La bande son a aussi son effet plaisant. Enfin, l'interprétation des acteurs offre la part belle à une Josie Ho excellente, troublante et au regard noir qui en intimiderait plus d'un tueur. En revanche, si le niveau est meilleur que dans la plupart des oeuvres de ce type, il y a toujours ce côté caricatural qui ressort chez certains. Mention bien sûr au groupe d'ados auquel on n'y échappera pas. On donnera toutefois quelques noms car ils le méritent : Eason Chan, Lawrence Chou, Derek Tsang, Juno Mak, Felix Lok, Norman Chu et Pau Hei-ching.

Bref, une joie palpable m'a envahi tout au long du visionnage, ressortant tout bonnement comblé de cette expérience virulente qui peut s'inscrire parmi les métrages les plus féroces et pervers vus jusque-là pour ma part. On le sent pourtant vite à la lecture du synopsis que Dream Home ne sera pas du tout un slasher comme les autres. Nos impressions seront vite corroborées au fur et à mesure d'une histoire, certes pas complexe pour un sou, mais riche en sensations et en trash. Sur ce point, l'interdiction aux moins de 16 ans est parfaitement justifiée car on peut combiner aussi 2 ou 3 scènes érotiques du plus bel effet (enfin en leur genre...). Ho-Cheung a exhibé une érudition de taille donnant ses lettres de noblesse à un genre quasi systématiquement putassier. L'ironie étant que ce petit accès de folie de sa part tombant au beau milieu d'une filmographie dédiée à la comédie est l'une de ses réussites les plus probantes. Comme il est dommage qu'il n'ait plus sévi dans l'horreur depuis lors.

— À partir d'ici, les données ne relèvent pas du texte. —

(* Let $G$ be a finite group, $k\ge 3$ an integer, and $A_1,\ldots,A_k\subseteq G$ nonempty subsets such that the multiplication map $A_1\times\cdots\times A_k\to G$, $(a_1,\ldots,a_k)\mapsto a_1\cdots a_k$, is a bijection. Fix $i$ with $1<i<k$, and let $K$, $H$, $K'$ be the subgroups of $G$ generated by the set $A_1\cdots A_{i-1}=\{a_1\cdots a_{i-1}: a_j\in A_j\}$, by $A_i$, and by the set $A_{i+1}\cdots A_k=\{a_{i+1}\cdots a_k: a_j\in A_j\}$, respectively. Let $M$ be the subgroup of $G$ generated by all conjugates $xHx^{-1}$ with $x\in K$, and $M'$ the subgroup generated by all conjugates $xHx^{-1}$ with $x\in K'$. Then $\mathrm{card}(A_i)$ divides both $|M|$ and $|M'|$. *)

theory Defs
  imports "HOL-Algebra.Algebra" "HOL-Library.FuncSet"
begin

fun seq_prod :: "('a, 'b) monoid_scheme \<Rightarrow> (nat \<Rightarrow> 'a) \<Rightarrow> nat \<Rightarrow> nat \<Rightarrow> 'a" where
  "seq_prod G a m 0 = (if m = 0 then a 0 else \<one>\<^bsub>G\<^esub>)"
| "seq_prod G a m (Suc n) =
     (if m \<le> Suc n then seq_prod G a m n \<otimes>\<^bsub>G\<^esub> a (Suc n) else \<one>\<^bsub>G\<^esub>)"

definition set_seq_prod :: "('a, 'b) monoid_scheme \<Rightarrow> (nat \<Rightarrow> 'a set) \<Rightarrow> nat \<Rightarrow> nat \<Rightarrow> 'a set" where
  "set_seq_prod G A m n = (\<lambda>a. seq_prod G a m n) ` (Pi\<^sub>E {m..n} A)"

end

theory Submission
  imports Defs
begin

text \<open>
  Let f be the bijection (a_1, ..., a_k) |-> a_1 ... a_k and write f(a) = b a_i c with b in K
  and c in K'. Since b x c = (b x y^-1 b^-1) (b y c) = (b y c) (c^-1 y^-1 x c), the preimage of
  M (and likewise of M') under f is closed under replacing the i-th coordinate by any element
  of A_i. Such a set of tuples is in bijection with the product of A_i and its image under
  forgetting coordinate i, so its cardinality |M| is a multiple of |A_i|.
\<close>

lemma card_dvd_card_if_update_closed:
  assumes S: "S \<subseteq> Pi\<^sub>E I A" and i: "i \<in> I"
    and closed: "\<And>a x. a \<in> S \<Longrightarrow> x \<in> A i \<Longrightarrow> a(i := x) \<in> S"
  shows "card (A i) dvd card S"
proof -
  let ?forget = "\<lambda>a. a(i := undefined)"
  have "bij_betw (\<lambda>a. (?forget a, a i)) S (?forget ` S \<times> A i)"
  proof (rule bij_betw_imageI)
    show "inj_on (\<lambda>a. (?forget a, a i)) S"
      by (rule inj_onI) (metis fun_upd_triv fun_upd_upd prod.inject)
    show "(\<lambda>a. (?forget a, a i)) ` S = ?forget ` S \<times> A i"
    proof (intro equalityI subsetI)
      fix p assume "p \<in> ?forget ` S \<times> A i"
      then obtain a x where "a \<in> S" "x \<in> A i" "p = (?forget a, x)" by auto
      then show "p \<in> (\<lambda>a. (?forget a, a i)) ` S"
        by (auto intro!: image_eqI[where x = "a(i := x)"] closed)
    qed (use S i in auto)
  qed
  then have "card S = card (?forget ` S) * card (A i)"
    by (simp add: bij_betw_same_card card_cartesian_product)
  then show ?thesis by simp
qed

lemma card_dvd_card_if_preimage_update_closed:
  assumes f: "bij_betw f (Pi\<^sub>E I A) C" and i: "i \<in> I" and N: "N \<subseteq> C"
    and closed: "\<And>a x. a \<in> Pi\<^sub>E I A \<Longrightarrow> x \<in> A i \<Longrightarrow> f a \<in> N \<Longrightarrow> f (a(i := x)) \<in> N"
  shows "card (A i) dvd card N"
proof -
  let ?S = "Pi\<^sub>E I A \<inter> f -` N"
  have "bij_betw f ?S N"
    using f N by (auto simp: bij_betw_def intro: inj_on_subset)
  then have "card N = card ?S" by (simp add: bij_betw_same_card)
  moreover have "card (A i) dvd card ?S"
    using i closed PiE_fun_upd[of _ A i _ I] insert_absorb[OF i]
    by (intro card_dvd_card_if_update_closed[of _ I A]) auto
  ultimately show ?thesis by simp
qed

lemma seq_prod_cong: "(\<And>l. l \<in> {m..n} \<Longrightarrow> a l = a' l) \<Longrightarrow> seq_prod G a m n = seq_prod G a' m n"
  by (induction n) auto

lemma seq_prod_empty: "n < m \<Longrightarrow> seq_prod G a m n = \<one>\<^bsub>G\<^esub>"
  by (cases n) auto

lemma seq_prod_in_set_seq_prod:
  assumes "a \<in> Pi\<^sub>E I A" "{m..n} \<subseteq> I"
  shows "seq_prod G a m n \<in> set_seq_prod G A m n"
proof -
  have "restrict a {m..n} \<in> Pi\<^sub>E {m..n} A"
    using assms by auto
  moreover have "seq_prod G a m n = seq_prod G (restrict a {m..n}) m n"
    by (rule seq_prod_cong) simp
  ultimately show ?thesis
    unfolding set_seq_prod_def by blast
qed

context monoid
begin

lemma seq_prod_closed: "a \<in> {m..n} \<rightarrow> carrier G \<Longrightarrow> seq_prod G a m n \<in> carrier G"
  by (induction n) (auto simp: Pi_iff)

lemma set_seq_prod_subset:
  "(\<And>l. l \<in> {m..n} \<Longrightarrow> A l \<subseteq> carrier G) \<Longrightarrow> set_seq_prod G A m n \<subseteq> carrier G"
  unfolding set_seq_prod_def by (force intro!: seq_prod_closed dest: PiE_mem)

lemma seq_prod_singleton: "a i \<in> carrier G \<Longrightarrow> seq_prod G a i i = a i"
  by (cases i) (simp_all add: seq_prod_empty)

lemma seq_prod_split:
  assumes "a \<in> {m..n} \<rightarrow> carrier G" "m \<le> j" "j < n"
  shows "seq_prod G a m n = seq_prod G a m j \<otimes> seq_prod G a (Suc j) n"
  using assms
proof (induction n)
  case (Suc n)
  then have closed: "seq_prod G a m j \<in> carrier G" "seq_prod G a (Suc j) n \<in> carrier G"
    "a (Suc n) \<in> carrier G"
    by (auto intro!: seq_prod_closed)
  show ?case
  proof (cases "j = n")
    case True
    then show ?thesis using Suc.prems closed by (simp add: seq_prod_empty)
  next
    case False
    then have "seq_prod G a m n = seq_prod G a m j \<otimes> seq_prod G a (Suc j) n"
      using Suc by (auto simp: Pi_iff)
    then show ?thesis using Suc.prems closed by (simp add: m_assoc)
  qed
qed simp

lemma seq_prod_update:
  assumes "a \<in> {m..n} \<rightarrow> carrier G" "x \<in> carrier G" "m < i" "i < n"
  shows "seq_prod G (a(i := x)) m n = seq_prod G a m (i - 1) \<otimes> x \<otimes> seq_prod G a (i + 1) n"
proof -
  let ?a = "a(i := x)"
  have closed: "?a \<in> {m..n} \<rightarrow> carrier G" "?a \<in> {i..n} \<rightarrow> carrier G"
    using assms by (auto simp: Pi_iff)
  have prefix: "seq_prod G ?a m (i - 1) = seq_prod G a m (i - 1)"
    by (rule seq_prod_cong) (use assms in auto)
  have suffix: "seq_prod G ?a (i + 1) n = seq_prod G a (i + 1) n"
    by (rule seq_prod_cong) simp
  have outer_closed: "seq_prod G a m (i - 1) \<in> carrier G" "seq_prod G a (i + 1) n \<in> carrier G"
    using assms(1,3,4) by (auto intro!: seq_prod_closed simp: Pi_iff)
  have "seq_prod G ?a m n = seq_prod G ?a m (i - 1) \<otimes> seq_prod G ?a i n"
    using seq_prod_split[OF closed(1), where j = "i - 1"] assms by simp
  also have "seq_prod G ?a i n = seq_prod G ?a i i \<otimes> seq_prod G ?a (i + 1) n"
    using seq_prod_split[OF closed(2), where j = i] assms by simp
  also have "seq_prod G ?a i i = x"
    using seq_prod_singleton[of ?a i] assms by simp
  also have "seq_prod G ?a m (i - 1) \<otimes> (x \<otimes> seq_prod G ?a (i + 1) n)
      = seq_prod G a m (i - 1) \<otimes> x \<otimes> seq_prod G a (i + 1) n"
    unfolding prefix suffix using assms(2) outer_closed by (simp add: m_assoc)
  finally show ?thesis .
qed

end

locale seq_prod_factorization = monoid G for G (structure) +
  fixes A :: "nat \<Rightarrow> 'a set" and m n :: nat
  assumes factors_closed: "\<And>j. j \<in> {m..n} \<Longrightarrow> A j \<subseteq> carrier G"
    and bij_seq_prod: "bij_betw (\<lambda>a. seq_prod G a m n) (Pi\<^sub>E {m..n} A) (carrier G)"
begin

lemma set_seq_prod_closed: "m \<le> l \<Longrightarrow> r \<le> n \<Longrightarrow> set_seq_prod G A l r \<subseteq> carrier G"
  by (auto intro!: set_seq_prod_subset factors_closed)

lemma card_dvd_card_if_middle_factor_exchangeable:
  assumes i: "m < i" "i < n" and N: "N \<subseteq> carrier G"
    and exchange: "\<And>b c x y. b \<in> set_seq_prod G A m (i - 1) \<Longrightarrow> c \<in> set_seq_prod G A (i + 1) n
      \<Longrightarrow> x \<in> A i \<Longrightarrow> y \<in> A i \<Longrightarrow> b \<otimes> y \<otimes> c \<in> N \<Longrightarrow> b \<otimes> x \<otimes> c \<in> N"
  shows "card (A i) dvd card N"
proof (rule card_dvd_card_if_preimage_update_closed[OF bij_seq_prod _ N])
  show "i \<in> {m..n}" using i by simp
  fix a x assume a: "a \<in> Pi\<^sub>E {m..n} A" and x: "x \<in> A i"
    and y: "seq_prod G a m n \<in> N"
  define b c where "b = seq_prod G a m (i - 1)" and "c = seq_prod G a (i + 1) n"
  have b: "b \<in> set_seq_prod G A m (i - 1)" and c: "c \<in> set_seq_prod G A (i + 1) n"
    unfolding b_def c_def by (rule seq_prod_in_set_seq_prod[OF a], use i in auto)+
  have a_closed: "a \<in> {m..n} \<rightarrow> carrier G"
    using a factors_closed by blast
  have ai: "a i \<in> A i" and carrier: "a i \<in> carrier G" "x \<in> carrier G"
    using a i x factors_closed[of i] by auto
  have "b \<otimes> a i \<otimes> c \<in> N"
    using y seq_prod_update[OF a_closed carrier(1) i] by (simp add: b_def c_def)
  then have "b \<otimes> x \<otimes> c \<in> N"
    by (rule exchange[OF b c x ai])
  then show "seq_prod G (a(i := x)) m n \<in> N"
    using seq_prod_update[OF a_closed carrier(2) i] by (simp add: b_def c_def)
qed

end

context group
begin

lemma generate_conjugates_replace_middle_left:
  assumes H: "subgroup H G" and L: "L \<subseteq> carrier G" "b \<in> L" and c: "c \<in> carrier G"
    and xy: "x \<in> H" "y \<in> H"
    and y: "b \<otimes> y \<otimes> c \<in> generate G (\<Union>l\<in>L. (\<lambda>h. l \<otimes> h \<otimes> inv l) ` H)"
  shows "b \<otimes> x \<otimes> c \<in> generate G (\<Union>l\<in>L. (\<lambda>h. l \<otimes> h \<otimes> inv l) ` H)"
proof -
  have "x \<otimes> inv y \<in> H"
    using H xy by (simp add: subgroup.m_closed subgroup.m_inv_closed)
  then have "b \<otimes> (x \<otimes> inv y) \<otimes> inv b \<in> generate G (\<Union>l\<in>L. (\<lambda>h. l \<otimes> h \<otimes> inv l) ` H)"
    using L by (blast intro: generate.incl)
  moreover have "b \<otimes> x \<otimes> c = (b \<otimes> (x \<otimes> inv y) \<otimes> inv b) \<otimes> (b \<otimes> y \<otimes> c)"
    using subgroup.subset[OF H] L c xy by (simp add: subsetD m_assoc inv_solve_left inv_solve_left')
  ultimately show ?thesis
    using y by (simp add: generate.eng)
qed

lemma generate_conjugates_replace_middle_right:
  assumes H: "subgroup H G" and L: "subgroup L G" "c \<in> L" and b: "b \<in> carrier G"
    and xy: "x \<in> H" "y \<in> H"
    and y: "b \<otimes> y \<otimes> c \<in> generate G (\<Union>l\<in>L. (\<lambda>h. l \<otimes> h \<otimes> inv l) ` H)"
  shows "b \<otimes> x \<otimes> c \<in> generate G (\<Union>l\<in>L. (\<lambda>h. l \<otimes> h \<otimes> inv l) ` H)"
proof -
  have "inv y \<otimes> x \<in> H" "inv c \<in> L"
    using H L xy by (simp_all add: subgroup.m_closed subgroup.m_inv_closed)
  then have "inv c \<otimes> (inv y \<otimes> x) \<otimes> inv (inv c) \<in> generate G (\<Union>l\<in>L. (\<lambda>h. l \<otimes> h \<otimes> inv l) ` H)"
    by (blast intro: generate.incl)
  moreover have "b \<otimes> x \<otimes> c = (b \<otimes> y \<otimes> c) \<otimes> (inv c \<otimes> (inv y \<otimes> x) \<otimes> inv (inv c))"
    using subgroup.subset[OF H] subgroup.subset[OF L(1)] L(2) b xy
    by (simp add: subsetD m_assoc flip: m_assoc[of c "inv c"] m_assoc[of y "inv y"])
  ultimately show ?thesis
    using y by (simp add: generate.eng)
qed

end

locale group_seq_prod_factorization = seq_prod_factorization + group
begin

lemma generate_conjugates_subset:
  "subgroup H G \<Longrightarrow> L \<subseteq> carrier G \<Longrightarrow> generate G (\<Union>l\<in>L. (\<lambda>h. l \<otimes> h \<otimes> inv l) ` H) \<subseteq> carrier G"
  by (intro generate_incl) (auto dest: subgroup.subset)

lemma card_factor_dvd_card_generate_conjugates_left:
  assumes i: "m < i" "i < n" and H: "subgroup H G" "A i \<subseteq> H"
    and L: "set_seq_prod G A m (i - 1) \<subseteq> L" "L \<subseteq> carrier G"
  shows "card (A i) dvd card (generate G (\<Union>l\<in>L. (\<lambda>h. l \<otimes> h \<otimes> inv l) ` H))"
proof (rule card_dvd_card_if_middle_factor_exchangeable[OF i generate_conjugates_subset[OF H(1) L(2)]])
  fix b c x y
  assume "b \<in> set_seq_prod G A m (i - 1)" "c \<in> set_seq_prod G A (i + 1) n" "x \<in> A i" "y \<in> A i"
  then have "b \<in> L" "c \<in> carrier G" "x \<in> H" "y \<in> H"
    using H(2) L(1) set_seq_prod_closed[of "i + 1" n] i by auto
  then show "b \<otimes> y \<otimes> c \<in> generate G (\<Union>l\<in>L. (\<lambda>h. l \<otimes> h \<otimes> inv l) ` H)
      \<Longrightarrow> b \<otimes> x \<otimes> c \<in> generate G (\<Union>l\<in>L. (\<lambda>h. l \<otimes> h \<otimes> inv l) ` H)"
    by (rule generate_conjugates_replace_middle_left[OF H(1) L(2)])
qed

lemma card_factor_dvd_card_generate_conjugates_right:
  assumes i: "m < i" "i < n" and H: "subgroup H G" "A i \<subseteq> H"
    and L: "set_seq_prod G A (i + 1) n \<subseteq> L" "subgroup L G"
  shows "card (A i) dvd card (generate G (\<Union>l\<in>L. (\<lambda>h. l \<otimes> h \<otimes> inv l) ` H))"
proof (rule card_dvd_card_if_middle_factor_exchangeable
    [OF i generate_conjugates_subset[OF H(1) subgroup.subset[OF L(2)]]])
  fix b c x y
  assume "b \<in> set_seq_prod G A m (i - 1)" "c \<in> set_seq_prod G A (i + 1) n" "x \<in> A i" "y \<in> A i"
  then have "c \<in> L" "b \<in> carrier G" "x \<in> H" "y \<in> H"
    using H(2) L(1) set_seq_prod_closed[of m "i - 1"] i by (auto simp: subset_iff)
  then show "b \<otimes> y \<otimes> c \<in> generate G (\<Union>l\<in>L. (\<lambda>h. l \<otimes> h \<otimes> inv l) ` H)
      \<Longrightarrow> b \<otimes> x \<otimes> c \<in> generate G (\<Union>l\<in>L. (\<lambda>h. l \<otimes> h \<otimes> inv l) ` H)"
    by (rule generate_conjugates_replace_middle_right[OF H(1) L(2)])
qed

end

theorem lemma2p3:
  fixes G (structure) and A :: "nat \<Rightarrow> 'a set" and k i :: nat
  assumes "group G" and "finite (carrier G)" and "k \<ge> 3"
    and "\<And>j. j \<in> {1..k} \<Longrightarrow> A j \<subseteq> carrier G"
    and "\<And>j. j \<in> {1..k} \<Longrightarrow> A j \<noteq> {}"
    and "bij_betw (\<lambda>a. seq_prod G a 1 k) (Pi\<^sub>E {1..k} A) (carrier G)"
    and "1 < i" and "i < k"
  defines "K \<equiv> generate G (set_seq_prod G A 1 (i - 1))"
    and "H \<equiv> generate G (A i)"
    and "K' \<equiv> generate G (set_seq_prod G A (i + 1) k)"
  defines "M \<equiv> generate G (\<Union>x\<in>K. (\<lambda>h. x \<otimes> h \<otimes> inv x) ` H)"
    and "M' \<equiv> generate G (\<Union>x\<in>K'. (\<lambda>h. x \<otimes> h \<otimes> inv x) ` H)"
  shows "card (A i) dvd card M \<and> card (A i) dvd card M'"
proof -
  interpret group G by fact
  interpret group_seq_prod_factorization G A 1 k
    by unfold_locales (use assms(4,6) in auto)
  have H: "subgroup H G" "A i \<subseteq> H"
    using factors_closed[of i] assms(7,8) unfolding H_def by (auto intro: generate_is_subgroup generate.incl)
  have prefixes: "set_seq_prod G A 1 (i - 1) \<subseteq> carrier G"
    and suffixes: "set_seq_prod G A (i + 1) k \<subseteq> carrier G"
    using assms(8) by (simp_all add: set_seq_prod_closed)
  have K: "set_seq_prod G A 1 (i - 1) \<subseteq> K" "K \<subseteq> carrier G"
    unfolding K_def using generate_incl[OF prefixes] by (auto intro: generate.incl)
  have K': "set_seq_prod G A (i + 1) k \<subseteq> K'" "subgroup K' G"
    unfolding K'_def using generate_is_subgroup[OF suffixes] by (auto intro: generate.incl)
  show ?thesis
    unfolding M_def M'_def
    using card_factor_dvd_card_generate_conjugates_left[OF assms(7,8) H K]
      card_factor_dvd_card_generate_conjugates_right[OF assms(7,8) H K'] ..
qed

end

Car Dream Home peut facilement se hisser parmi les meilleurs slashers contemporains. Et il y a même fort à parier qu'il deviendra progressivement un classique du genre face à une concurrence apoplectique. Un équilibre judicieux entre l'horreur pure et la satire sociale. Une variante originale sur fond de crise immobilière. Crise dont on peut aisément soupçonner qu'elle ait pu faire jaillir dans le for intérieur de certaines personnes des pulsions animalières que n'auraient pas renié Cheng.